◆ What you are asked to do: Go through the records and copy each line where the string "ultimately" occurs.

►

definition refines :: "'a set set \<Rightarrow> 'a set set \<Rightarrow> bool" where
  "refines \<sigma> \<tau> \<longleftrightarrow> (\<forall>B\<in>\<sigma>. \<exists>C\<in>\<tau>. B \<subseteq> C)"

definition singletons :: "nat \<Rightarrow> nat set set" where
  "singletons n = (\<lambda>i. {i}) ` {1..n}"

definition stirS :: "nat set \<Rightarrow> nat \<Rightarrow> nat \<Rightarrow> nat" where
  "stirS S n m = card {P. partition_on {1..n} P \<and> card P = m \<and> (\<forall>B\<in>P. card B \<in> S)}"

definition stirS_int :: "nat set \<Rightarrow> nat \<Rightarrow> int \<Rightarrow> int" where
  "stirS_int S n m = (if m \<le> 0 then 0 else int (stirS S n (nat m)))"

text \<open>T is the inverse of the infinite lower-triangular matrix [stirS S n m]_{n,m>=1}.\<close>
definition is_stir_inv :: "nat set \<Rightarrow> (nat \<Rightarrow> nat \<Rightarrow> int) \<Rightarrow> bool" where
  "is_stir_inv S T \<longleftrightarrow>
     (\<forall>i j. (j < 1 \<or> i < 1 \<or> i < j) \<longrightarrow> T i j = 0) \<and>
     (\<forall>i j. 1 \<le> i \<longrightarrow> 1 \<le> j \<longrightarrow>
        (\<Sum>l\<in>{1..i}. int (stirS S i l) * T l j) = (if i = j then 1 else 0))"

definition stir_inv :: "nat set \<Rightarrow> nat \<Rightarrow> int \<Rightarrow> int" where
  "stir_inv S n m = (if m \<le> 0 then 0 else (THE T. is_stir_inv S T) n (nat m))"

datatype ltree = Leaf nat | Node "ltree list"

primrec leaves :: "ltree \<Rightarrow> nat list" where
  "leaves (Leaf i) = [i]"
| "leaves (Node ts) = concat (map leaves ts)"

definition lmax :: "ltree \<Rightarrow> nat" where
  "lmax t = Max (set (leaves t))"

primrec is_leaf :: "ltree \<Rightarrow> bool" where
  "is_leaf (Leaf i) = True"
| "is_leaf (Node ts) = False"

fun good_tree :: "nat \<Rightarrow> ltree \<Rightarrow> bool" where
  "good_tree d (Leaf i) = True"
| "good_tree d (Node ts) =
     (length ts = d + 1 \<and> is_leaf (hd ts) \<and> sorted_wrt (<) (map lmax ts) \<and>
      (\<forall>t\<in>set ts. good_tree d t))"

definition good_forests :: "nat \<Rightarrow> nat \<Rightarrow> nat \<Rightarrow> ltree set set" where
  "good_forests n d k = {F. finite F \<and> int (card F) = int n - int (k * d) \<and>
      (\<forall>t\<in>F. good_tree d t \<and> distinct (leaves t)) \<and>
      disjoint_family_on (\<lambda>t. set (leaves t)) F \<and>
      (\<Union>t\<in>F. set (leaves t)) = {1..n}}"

end

theory Submission
  imports Defs
begin

text \<open>Covers in \<open>\<Pi>\<^sub>n\<^sup>1\<^sup>,\<^sup>d\<close> lower the number of blocks by exactly \<open>d\<close>, so the poset is ranked and its
  rank-\<open>k\<close> elements are the partitions into \<open>n - k d\<close> blocks of size \<open>1 mod d\<close>, counted by the
  restricted Stirling numbers. Counting pairs \<open>x \<le> y\<close> weighted by \<open>\<mu>(0, x)\<close> in two ways shows that the
  level sums of the Moebius function form a left inverse of the restricted Stirling matrix, which
  is unitriangular, so they are its inverse. The same holds for the counts of forests signed by
  \<open>-1\<close> to the number of internal vertices: in their product with the Stirling matrix, a
  sign-reversing involution that dissolves or grafts the first trees of the group containing a
  fixed leaf cancels everything except the forests of single leaves.\<close>

section \<open>Moebius functions of finite posets\<close>

primrec mobius_iter :: "nat \<Rightarrow> 'a set \<Rightarrow> ('a \<Rightarrow> 'a \<Rightarrow> bool) \<Rightarrow> 'a \<Rightarrow> 'a \<Rightarrow> int" where
  "mobius_iter 0 A le x y = 0"
| "mobius_iter (Suc k) A le x y = (if x \<in> A \<and> y \<in> A \<and> le x y then
      (if x = y then 1 else - (\<Sum>w\<in>{w\<in>A. le x w \<and> le w y \<and> w \<noteq> y}. mobius_iter k A le x w))
    else 0)"

locale finite_poset =
  fixes A :: "'a set" and le :: "'a \<Rightarrow> 'a \<Rightarrow> bool"
  assumes finite_carrier: "finite A"
    and refl: "\<And>x. x \<in> A \<Longrightarrow> le x x"
    and antisym: "\<And>x y. x \<in> A \<Longrightarrow> y \<in> A \<Longrightarrow> le x y \<Longrightarrow> le y x \<Longrightarrow> x = y"
    and trans: "\<And>x y z. x \<in> A \<Longrightarrow> y \<in> A \<Longrightarrow> z \<in> A \<Longrightarrow> le x y \<Longrightarrow> le y z \<Longrightarrow> le x z"
begin

definition interval_size :: "'a \<Rightarrow> 'a \<Rightarrow> nat" where
  "interval_size x y = card {w\<in>A. le x w \<and> le w y \<and> w \<noteq> y}"

lemma interval_size_less:
  assumes "x \<in> A" "y \<in> A" "w \<in> A" "le x w" "le w y" "w \<noteq> y"
  shows "interval_size x w < interval_size x y"
  unfolding interval_size_def
proof (rule psubset_card_mono)
  show "finite {w \<in> A. le x w \<and> le w y \<and> w \<noteq> y}" using finite_carrier by auto
  have "{v \<in> A. le x v \<and> le v w \<and> v \<noteq> w} \<subseteq> {w \<in> A. le x w \<and> le w y \<and> w \<noteq> y}"
    using assms trans antisym by blast
  moreover have "w \<in> {w \<in> A. le x w \<and> le w y \<and> w \<noteq> y}" using assms by auto
  ultimately show "{v \<in> A. le x v \<and> le v w \<and> v \<noteq> w} \<subset> {w \<in> A. le x w \<and> le w y \<and> w \<noteq> y}"
    by auto
qed

lemma interval_size_less_card: "y \<in> A \<Longrightarrow> interval_size x y < card A"
  unfolding interval_size_def by (rule psubset_card_mono) (use finite_carrier in auto)

text \<open>The iterated recursion stabilises once the number of rounds exceeds the size of the
  interval, because each recursive call strictly shrinks it.\<close>
lemma mobius_iter_stable:
  "interval_size x y < k \<Longrightarrow> interval_size x y < k' \<Longrightarrow>
   mobius_iter k A le x y = mobius_iter k' A le x y"
proof (induction "interval_size x y" arbitrary: y k k' rule: less_induct)
  case less
  obtain k0 k0' where k: "k = Suc k0" "k' = Suc k0'"
    using less.prems by (metis less_nat_zero_code not0_implies_Suc)
  have "(\<Sum>w\<in>{w\<in>A. le x w \<and> le w y \<and> w \<noteq> y}. mobius_iter k0 A le x w)
      = (\<Sum>w\<in>{w\<in>A. le x w \<and> le w y \<and> w \<noteq> y}. mobius_iter k0' A le x w)"
    if "x \<in> A" "y \<in> A"
  proof (rule sum.cong)
    fix w assume "w \<in> {w\<in>A. le x w \<and> le w y \<and> w \<noteq> y}"
    then have "interval_size x w < interval_size x y" using interval_size_less that by auto
    then show "mobius_iter k0 A le x w = mobius_iter k0' A le x w"
      by (rule less.hyps) (use less.prems k \<open>interval_size x w < interval_size x y\<close> in auto)
  qed simp
  then show ?case using k by simp
qed

lemma is_mobius_mobius_iter: "is_mobius A le (mobius_iter (Suc (card A)) A le)"
  unfolding is_mobius_def
proof (intro conjI ballI allI impI)
  fix x y assume xy: "x \<in> A" "y \<in> A" "le x y \<and> x \<noteq> y"
  let ?I = "{w\<in>A. le x w \<and> le w y}"
  let ?J = "{w\<in>A. le x w \<and> le w y \<and> w \<noteq> y}"
  have I: "?I = insert y ?J" using xy refl by auto
  have "mobius_iter (Suc (card A)) A le x w = mobius_iter (card A) A le x w" if "w \<in> ?J" for w
    using mobius_iter_stable[of x w "Suc (card A)" "card A"] interval_size_less_card that by simp
  then show "(\<Sum>w\<in>?I. mobius_iter (Suc (card A)) A le x w) = 0"
    unfolding I using xy finite_carrier by (simp add: sum.insert)
qed (auto simp: refl)

lemma is_mobius_unique:
  assumes f: "is_mobius A le f" and g: "is_mobius A le g"
  shows "f = g"
proof (intro ext)
  fix x y
  show "f x y = g x y"
  proof (cases "x \<in> A \<and> y \<in> A \<and> le x y")
    case False then show ?thesis using f g by (simp add: is_mobius_def)
  next
    case True
    then show ?thesis
    proof (induction "interval_size x y" arbitrary: y rule: less_induct)
      case less
      show ?case
      proof (cases "x = y")
        case True then show ?thesis using f g less.prems by (simp add: is_mobius_def)
      next
        case False
        let ?J = "{w\<in>A. le x w \<and> le w y \<and> w \<noteq> y}"
        have I: "{w\<in>A. le x w \<and> le w y} = insert y ?J" using less.prems refl by auto
        have "(\<Sum>w\<in>insert y ?J. f x w) = 0" "(\<Sum>w\<in>insert y ?J. g x w) = 0"
          using f g less.prems False unfolding I[symmetric] by (auto simp: is_mobius_def)
        then have "f x y + (\<Sum>w\<in>?J. f x w) = 0" "g x y + (\<Sum>w\<in>?J. g x w) = 0"
          using finite_carrier by (auto simp: sum.insert)
        moreover have "(\<Sum>w\<in>?J. f x w) = (\<Sum>w\<in>?J. g x w)"
        proof (rule sum.cong)
          fix w assume w: "w \<in> ?J"
          then have "interval_size x w < interval_size x y" using interval_size_less less.prems by auto
          then show "f x w = g x w" using less.hyps w less.prems by auto
        qed simp
        ultimately show ?thesis by linarith
      qed
    qed
  qed
qed

lemma is_mobius_mobius: "is_mobius A le (mobius A le)"
  unfolding mobius_def
  by (rule theI[of _ "mobius_iter (Suc (card A)) A le"]) (use is_mobius_mobius_iter is_mobius_unique in blast)+

lemma sum_mobius_interval:
  assumes "x \<in> A" "y \<in> A" "le x y"
  shows "(\<Sum>w\<in>{w\<in>A. le x w \<and> le w y}. mobius A le x w) = (if x = y then 1 else 0)"
proof (cases "x = y")
  case True
  then have "{w\<in>A. le x w \<and> le w y} = {x}" using assms antisym refl by auto
  then show ?thesis using is_mobius_mobius True assms by (simp add: is_mobius_def)
next
  case False then show ?thesis using is_mobius_mobius assms by (simp add: is_mobius_def)
qed

end


section \<open>Set partitions and restricted Stirling numbers\<close>

lemma card_partition_eq_sum:
  assumes "finite X" "partition_on X P"
  shows "card X = (\<Sum>B\<in>P. card B)"
  using assms by (intro product_partition) (auto dest: partition_onD1 intro: finite_subset)

lemma card_block_pos:
  assumes "finite X" "partition_on X P" "B \<in> P"
  shows "0 < card B"
  using assms partition_onD1[OF assms(2)] partition_onD3[OF assms(2)]
  by (metis Union_upper card_gt_0_iff finite_subset)

lemma card_partition_le:
  assumes "finite X" "partition_on X P"
  shows "card P \<le> card X"
proof -
  have "card P = (\<Sum>B\<in>P. 1)" by simp
  also have "\<dots> \<le> (\<Sum>B\<in>P. card B)"
    by (rule sum_mono) (use card_block_pos[OF assms] in \<open>simp add: Suc_le_eq\<close>)
  finally show ?thesis using card_partition_eq_sum[OF assms] by simp
qed

lemma card_partition_eq_imp_singletons:
  assumes X: "finite X" and P: "partition_on X P" and card: "card P = card X"
  shows "P = (\<lambda>x. {x}) ` X"
proof -
  have "(\<Sum>B\<in>P. card B) = (\<Sum>B\<in>P. 1)" using card_partition_eq_sum[OF X P] card by simp
  then have "card B = 1" if "B \<in> P" for B
    using sum_mono_inv[of "\<lambda>B. 1" P card B] card_block_pos[OF X P] that finite_elements[OF X P]
    by (simp add: Suc_le_eq)
  then have "\<And>B. B \<in> P \<Longrightarrow> \<exists>b. B = {b}" by (simp add: card_1_singleton_iff)
  then show ?thesis using partition_onD1[OF P] by blast
qed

◄

◆ Answer:
  ultimately show "{v \<in> A. le x v \<and> le v w \<and> v \<noteq> w} \<subset> {w \<in> A. le x w \<and> le w y \<and> w \<noteq> y}"
        ultimately show ?thesis by linarith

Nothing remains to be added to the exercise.